Google Street View has 50 million images from 200 U.S. cities that researchers at Stanford University have been analyzing. Their goal? Use our vehicles to learn more about us.
This is the story…
What They Know
Researchers at Stanford realized they could access an information bonanza just by connecting an estimated 22 million vehicles with location data. From there, they could form conclusions about what we buy, what we earn, and how we vote. They even could project how much we would pollute.
First, they needed to teach the computers car recognition. Hundreds of people helped. Some knew, for example, the difference between the headlights on a 2007 and a 2008 Honda. Others could distinguish a 2001 Ford F-150 Supercrew LL grille from a 2011 Ford F-150 Supercrew SVT grille. All was fed into the computers. Classifying the cars in Google View took just two weeks–a project that would have taken you and me, at 10 seconds per image, more than 15 years.
Knowing makes, models, years, and zip codes for approximately 22 million cars became a springboard for some predictable and not so predictable conclusions:
- Based on miles per gallon and other car attributes, Casper, Wyoming has the largest per capita carbon footprint.
- Distinguishing between expensive and cheap cars, the data revealed that Chicago has the most income segregation among neighborhoods.
- Cities with more sedans than pickup trucks observed during a 15 minute drive have an 88% chance of voting Democratic during the next Presidential election.
- Extended-cab pickup trucks are associated with populations that tend to vote Republican.
- Vehicle clusters can indicate whether a population is primarily Asian (Hondas, Toyotas, minivan), African American (Chrysler, Buick, sedan), or Caucasian (pickup trucks, Volkswagens, minivan).
Image Examples
Our Bottom Line: Big Data
Annually, we spend more than $1 billion on the American Community Survey (ACS). Yes, it represents considerable data. The problem though is the lag. From collection to publication, the delay can be as much as half a decade. Another example is the Consumer Price Index (CPI) that also reflects a labor intensive survey-based approach.

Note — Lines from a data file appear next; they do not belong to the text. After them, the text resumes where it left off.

lemma (in prob_space) sum_prob_le_1_if_overlaps_within:
  assumes "finite F" "\<And>i. i \<in> F \<Longrightarrow> A i \<in> events" "N \<in> events"
    and "\<And>i j. i \<in> F \<Longrightarrow> j \<in> F \<Longrightarrow> i \<noteq> j \<Longrightarrow> A i \<inter> A j \<subseteq> N"
  shows "(\<Sum>i\<in>F. prob (A i) - prob N) \<le> 1"
proof -
  have "(\<Sum>i\<in>F. prob (A i) - prob N) \<le> (\<Sum>i\<in>F. prob (A i - N))"
  proof (rule sum_mono)
    fix i assume "i \<in> F"
    then have "prob (A i - N) = prob (A i) - prob (A i \<inter> N)"
      using assms(2,3) by (intro finite_measure_Diff') auto
    moreover have "prob (A i \<inter> N) \<le> prob N" using assms(3) by (intro finite_measure_mono) auto
    ultimately show "prob (A i) - prob N \<le> prob (A i - N)" by simp
  qed
  also have "\<dots> = prob (\<Union>i\<in>F. A i - N)"
    using assms by (intro finite_measure_finite_Union[symmetric]) (auto simp: disjoint_family_on_def)
  also have "\<dots> \<le> 1" by (rule prob_le_1)
  finally show ?thesis .
qed

lemma (in prob_space) prob_le_if_infinitely_many_overlap_within:
  assumes "infinite I" "\<And>i. i \<in> I \<Longrightarrow> A i \<in> events" "\<And>i. i \<in> I \<Longrightarrow> prob (A i) = p"
    and "N \<in> events" "\<And>i j. i \<in> I \<Longrightarrow> j \<in> I \<Longrightarrow> i \<noteq> j \<Longrightarrow> A i \<inter> A j \<subseteq> N"
  shows "p \<le> prob N"
proof -
  have "real K * (p - prob N) \<le> 1" for K
  proof -
    obtain F where F: "F \<subseteq> I" "finite F" "card F = K"
      using infinite_arbitrarily_large[OF assms(1)] by blast
    then have "(\<Sum>i\<in>F. prob (A i) - prob N) \<le> 1"
      using assms F(1,2) by (intro sum_prob_le_1_if_overlaps_within) blast+
    then show ?thesis using F assms(3) by (simp add: subset_eq)
  qed
  then have "p - prob N \<le> 0" by (metis ex_less_of_nat_mult not_le)
  then show ?thesis by simp
qed

lemma unit_vector_cos_sin_decomposition:
  fixes a w :: "'a::real_inner"
  assumes a: "norm a = 1" and w: "norm w = 1" and cos: "a \<bullet> w = cos t" and sin: "sin t \<noteq> 0"
  obtains b where "norm b = 1" "a \<bullet> b = 0" "w = cos t *\<^sub>R a + sin t *\<^sub>R b"
proof
  define b where "b = (1 / sin t) *\<^sub>R (w - cos t *\<^sub>R a)"
  have aa: "a \<bullet> a = 1" and ww: "w \<bullet> w = 1"
    using a w by (simp_all add: power2_norm_eq_inner[symmetric])
  show "a \<bullet> b = 0" unfolding b_def using aa cos by (simp add: inner_diff_right)
  have "b \<bullet> b = (1 - (cos t)\<^sup>2) / (sin t)\<^sup>2"
    unfolding b_def using aa ww cos sin
    by (simp add: inner_diff_left inner_diff_right inner_commute power2_eq_square field_simps)
  then show "norm b = 1" using sin by (simp add: sin_squared_eq[symmetric] norm_eq_sqrt_inner)
  show "w = cos t *\<^sub>R a + sin t *\<^sub>R b" unfolding b_def using sin by simp
qed

lemma closed_wedge: "closed {z. 0 \<le> c \<bullet> z \<and> d \<bullet> z \<le> (0::real)}"
  using closed_Int[OF closed_halfspace_ge closed_halfspace_le] by (simp add: Collect_conj_eq)

locale rotation_invariant_sphere_law =
  fixes M :: "(real^'n) measure"
  assumes prob_space: "prob_space M"
    and sets_M: "sets M = sets borel"
    and on_sphere: "AE z in M. norm z = 1"
    and rotation_invariant: "\<And>f. orthogonal_transformation f \<Longrightarrow> distr M borel f = M"
begin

Thinking of the ACS, the CPI, and other information initiatives from the U.S. government, I can only wonder when our government will adopt a more efficient complement. Whether looking at Google Street View or the Billion Prices Project, you can see the immense potential (and peril) from new data collection techniques. At their best, they can shape more accurate, up-to-date, and targeted fiscal and regulatory policies.
But I would also be concerned with a government that knows even more about us.
My sources and more: This NY Times description of the Google Street View/Stanford Car Project had the perfect overview. But for more on the potential for big data and inefficiency from government, do look at this paper (don’t skip the appendix) from the researchers at Stanford. Lastly, if you want further confirmation of big data’s potential, I suggest the Billion Prices Project.